Some shots are better than others for putting big game down quickly.
The fallacy that a rifle bullet will knock a deer off its hooves never seems to die. If a bullet did thump a deer that hard, the recoil from such a load would also kick the shooter out of his boots.
A bullet fired from a big-game rifle has about twice the momentum as a thrown baseball. Most baseball players have been hit by a wild pitch. Instead of knocking us off our feet, though, the impact just stings for a while.
What kills deer is the destruction of vital organs. An expanding bullet passing through the lungs or heart is a sure killer because no animal can live for more than a couple of minutes after that kind of damage. In that short time, however, the quarry may run 200 yards. To drop an animal in its tracks, a bullet must strike its central nervous system.
One of Newton’s laws of physics, paraphrased, is “for every force, there’s an equal but opposite force.” So if a bullet develops enough force to flatten a 150-pound deer, the opposing force would do the same thing to the hunter shooting it.
Say a 150-grain bullet fired from a .30-06 rifle leaves the bore at 3,000 feet per second. If the rifle weighed the same as the bullet, it would go flying back at the same speed. We avoid this because an 8-pound .30-06 rifle is 373 times heavier than a 150-grain bullet.
To prove a hunting bullet cannot propel anything of substantial weight, I shot a 10-pound block of ballistic wax at 25 yards with a 250-grain Swift A-Frame bullet fired from a .338 Win Mag rifle. The bullet struck the wax with roughly 3,700 foot-pounds of energy. Despite absorbing all the bullet’s energy, the block remained in pretty much the same place and only jumped a little when the bullet hit it.
But what if the nearly 2 tons of energy did not go mostly toward bullet penetration, but was transferred to the target in one spot? At the range where I shot the block is a metal plate suspended by a chain at 100 yards. The plate probably weighs 35 pounds. The A-Frame bullet has a thick cross bar of jacket material in the forward third of the bullet, and doesn’t disintegrate when it hits the plate. The plate swung back maybe 3 inches when the bullet struck it with 3,400 foot-pounds of energy.
Bullet Placement
A hunter in a heavily pressured area needs to drop his deer quickly so it doesn’t run over the ridge and into the sights of another hunter. Whitetails in thickets also should be downed in a hurry because they can be hard to find if they run just 75 yards.

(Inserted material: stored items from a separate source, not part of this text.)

lemma general_channel_bind:
  assumes gc: "general_channel Y W" and Q: "prob_space Q" "sets Q = sets (Rn n)"
  shows "prob_space (Q \<bind> W n)" "sets (Q \<bind> W n) = sets (Yn Y n)"
    "space (Q \<bind> W n) = space (Yn Y n)"
    "\<And>B. B \<in> sets (Yn Y n) \<Longrightarrow> measure (Q \<bind> W n) B = QW W n Q B"
proof -
  have W: "W n \<in> Rn n \<rightarrow>\<^sub>M prob_algebra (Yn Y n)" using gc unfolding general_channel_def ..
  have Q': "Q \<in> space (prob_algebra (Rn n))" using Q by (simp add: space_prob_algebra)
  show "prob_space (Q \<bind> W n)" by (rule prob_space_bind'[OF Q' W])
  show s: "sets (Q \<bind> W n) = sets (Yn Y n)" by (rule sets_bind'[OF Q' W])
  then show "space (Q \<bind> W n) = space (Yn Y n)" by (rule sets_eq_imp_space_eq)
  interpret prob_space Q by fact
  have "W n \<in> Q \<rightarrow>\<^sub>M subprob_algebra (Yn Y n)"
    using measurable_prob_algebraD[OF W] by (simp add: measurable_cong_sets[OF Q(2) refl])
  then show "measure (Q \<bind> W n) B = QW W n Q B" if "B \<in> sets (Yn Y n)" for B
    unfolding QW_def by (rule subprob_space.measure_bind[OF subprob_space_axioms _ that])
qed

text \<open>Locally, the KL divergence is at most quadratic in the displacement (it vanishes to first
  order at its minimum \<open>v = y\<close>), and the event probabilities differ by at most twice its
  square root.\<close>
lemma measure_channel_locally_lipschitz:
  assumes gc: "general_channel Y W" and y: "y \<in> space (Rn n)"
    and fin: "\<exists>d>0. \<forall>v\<in>space (Rn n). enorm n (\<lambda>i. v i - y i) < d \<longrightarrow> KLW_finite W n y v"
    and td: "twice_differentiable_at n (KLW W n y) y"
    and F: "quad_norm n (Fmat W n y) \<le> Bq" and Bq: "0 \<le> Bq"
    and B: "B \<in> sets (Yn Y n)"
  shows "\<exists>d>0. \<forall>v\<in>space (Rn n). enorm n (\<lambda>i. v i - y i) < d \<longrightarrow>
     \<bar>measure (W n v) B - measure (W n y) B\<bar> \<le> 2 * sqrt (Bq + 1) * enorm n (\<lambda>i. v i - y i)"
proof -
  obtain d1 where d1: "d1 > 0"
    and fd: "\<And>v. v \<in> space (Rn n) \<Longrightarrow> enorm n (\<lambda>i. v i - y i) < d1 \<Longrightarrow> KLW_finite W n y v"
    using fin by blast
  note Wy = general_channel_prob_space[OF gc y]
  have KL: "0 \<le> KLW W n y v \<and> \<bar>measure (W n v) B - measure (W n y) B\<bar> \<le> 2 * sqrt (KLW W n y v)"
    if "v \<in> space (Rn n)" "enorm n (\<lambda>i. v i - y i) < d1" for v
  proof -
    note Wv = general_channel_prob_space[OF gc that(1)]
    have ac: "absolutely_continuous (W n y) (W n v)"
      and int: "integrable (W n v) (entropy_density (exp 1) (W n y) (W n v))"
      using fd[OF that] unfolding KLW_finite_def by auto
    have s: "sets (W n v) = sets (W n y)" and B': "B \<in> sets (W n y)" using Wv Wy B by auto
    show ?thesis unfolding KLW_def
      using KL_divergence_nonneg_of_integrable[OF Wy(1) Wv(1) ac s int]
        abs_measure_diff_le_sqrt_KL[OF Wy(1) Wv(1) ac s int B'] ..
  qed
  have "KLW W n y y = 0"
  proof -
    interpret prob_space "W n y" by (rule Wy(1))
    show ?thesis unfolding KLW_def by (rule KL_same_eq_0)
  qed
  then obtain d2 where d2: "d2 > 0" and quad: "\<And>v. v \<in> space (Rn n) \<Longrightarrow> enorm n (\<lambda>i. v i - y i) < d2 \<Longrightarrow>
     KLW W n y v \<le> (max 0 (quad_norm n (Fmat W n y)) + 1) * (enorm n (\<lambda>i. v i - y i))\<^sup>2"
    using local_quadratic_upper_bound[OF y td _ d1] KL unfolding Fmat_def by blast
  show ?thesis
  proof (intro exI[of _ "min d1 d2"] conjI ballI impI)
    show "0 < min d1 d2" using d1 d2 by simp
    fix v assume v: "v \<in> space (Rn n)" and vd: "enorm n (\<lambda>i. v i - y i) < min d1 d2"
    let ?r = "enorm n (\<lambda>i. v i - y i)"
    have "(max 0 (quad_norm n (Fmat W n y)) + 1) * ?r\<^sup>2 \<le> (Bq + 1) * ?r\<^sup>2"
      using F Bq by (intro mult_right_mono) auto
    then have "KLW W n y v \<le> (Bq + 1) * ?r\<^sup>2" using quad[OF v] vd by simp
    then have "2 * sqrt (KLW W n y v) \<le> 2 * sqrt ((Bq + 1) * ?r\<^sup>2)" by simp
    also have "\<dots> = 2 * sqrt (Bq + 1) * ?r" by (simp add: real_sqrt_mult enorm_nonneg)
    finally show "\<bar>measure (W n v) B - measure (W n y) B\<bar> \<le> 2 * sqrt (Bq + 1) * ?r"
      using KL[OF v] vd by linarith
  qed
qed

A broadside shot that penetrates both lungs is a quick killer. Aim a bit high on the lungs, and some of the bullet’s shock will impact the spine.
Last fall, my neighbor’s daughter, Emily, used her .257 Roberts with a Nosler 120-grain Partition to take a 5-point whitetail at 100 yards. The bullet went through the center of both lungs, and the deer ran only 20 yards.
She could have placed the bullet in several other spots if she’d wanted to drop the buck in its tracks. She could have aimed for the spinal column, but that’s like trying to hit a rope. Striking the vertebrae surrounding the spine would probably also fell the animal immediately. However, unless the bone was severely damaged, the deer might jump back up and run. Emily’s best bet would have been to shoot through the shoulders. This is a fairly large target, and without its front legs, a deer is going nowhere but down.
A shot through the shoulders will likely pass in front of the lungs, so a finishing shot could be required. The shoulder shot also ruins meat. Last fall, my son shot a bull elk through the shoulders with a 150-grain Barnes Triple Shock bullet from his .30-06. That shot anchored the bull, but a finishing shot was required. When butchering the animal, I found about 10 pounds of the meat was unusable.
The shoulder shot has always been my favorite on black bears. Breaking the shoulders, though, requires a perfectly broadside shot. You can make an equally sure shot to put down a bear when it’s standing slightly quartering toward or away from the gun. If it’s quartering toward you, place the bullet in the near shoulder, and it will continue on through the lungs. For a bear quartering away, aim for the rear of the lungs. The bullet will angle up through the lungs and take out the far shoulder.
Game from bears to antelope to elk react the same to the shoulder shot. It works well, not because of the fallacy that the bullet knocks them down, but because the bullet goes into the right spot.